[TASK GOAL]: Until the line containing "(intro continuous_intros) auto" has been reproduced, keep reproducing each line of the material below exactly, starting with the first.

::::

lemma continuous_on_xlogx: "continuous_on {0..} xlogx"
proof -
  have "continuous (at x within {0..}) (\<lambda>t::real. t * ln t)" if "x \<in> {0..}" for x
  proof (cases "x = 0")
    case True
    have "((\<lambda>t::real. t * ln t) \<longlongrightarrow> 0) (at_right 0)" by real_asymp
    then show ?thesis using True by (simp add: continuous_within at_within_Ici_at_right)
  next
    case False
    then have "isCont (\<lambda>t::real. t * ln t) x" using that by (intro continuous_intros) auto
    then show ?thesis by (rule continuous_at_imp_continuous_at_within)
  qed
  then have "continuous_on {0..} (\<lambda>t::real. t * ln t)" by (simp add: continuous_on_eq_continuous_within)
  moreover have "xlogx = (\<lambda>t. t * ln t)" by (auto simp: xlogx_def)
  ultimately show ?thesis by metis
qed

lemma tendsto_xlogx:
  assumes "(g \<longlongrightarrow> L) F" "L \<ge> 0" "eventually (\<lambda>x. g x \<ge> 0) F"
  shows "((\<lambda>x. xlogx (g x)) \<longlongrightarrow> xlogx L) F"
  by (rule continuous_on_tendsto_compose[OF continuous_on_xlogx assms(1)]) (use assms in auto)

definition ln_primitive :: "real \<Rightarrow> real" where
  "ln_primitive y = xlogx y - y"

lemma ln_primitive_scale:
  assumes "N > 0" "t \<ge> 0"
  shows "ln_primitive (N * t) = N * xlogx t - N * t + N * t * ln N"
  using assms by (cases "t = 0") (auto simp: ln_primitive_def xlogx_def ln_mult algebra_simps)

text \<open>The \<open>ln N\<close> and linear terms cancel because the coefficients of \<open>t\<^sub>i\<close> sum to zero.\<close>

lemma ln_primitive_four_scale:
  assumes "N > 0" "t1 \<ge> 0" "t2 \<ge> 0" "t3 \<ge> 0" "t4 \<ge> 0" "t1 - t2 - t3 + t4 = 0"
  shows "ln_primitive (N * t1) - ln_primitive (N * t2) - ln_primitive (N * t3) + ln_primitive (N * t4)
     = N * (xlogx t1 - xlogx t2 - xlogx t3 + xlogx t4)"
proof -
  have "ln_primitive (N * t1) - ln_primitive (N * t2) - ln_primitive (N * t3) + ln_primitive (N * t4)
      = N * (xlogx t1 - xlogx t2 - xlogx t3 + xlogx t4) + N * (ln N - 1) * (t1 - t2 - t3 + t4)"
    using assms(1-5) by (simp add: ln_primitive_scale algebra_simps)
  then show ?thesis using assms(6) by simp
qed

::::

[COMPLETED EXERCISE]:
lemma continuous_on_xlogx: "continuous_on {0..} xlogx"
proof -
  have "continuous (at x within {0..}) (\<lambda>t::real. t * ln t)" if "x \<in> {0..}" for x
  proof (cases "x = 0")
    case True
    have "((\<lambda>t::real. t * ln t) \<longlongrightarrow> 0) (at_right 0)" by real_asymp
    then show ?thesis using True by (simp add: continuous_within at_within_Ici_at_right)
  next
    case False
    then have "isCont (\<lambda>t::real. t * ln t) x" using that by (intro continuous_intros) auto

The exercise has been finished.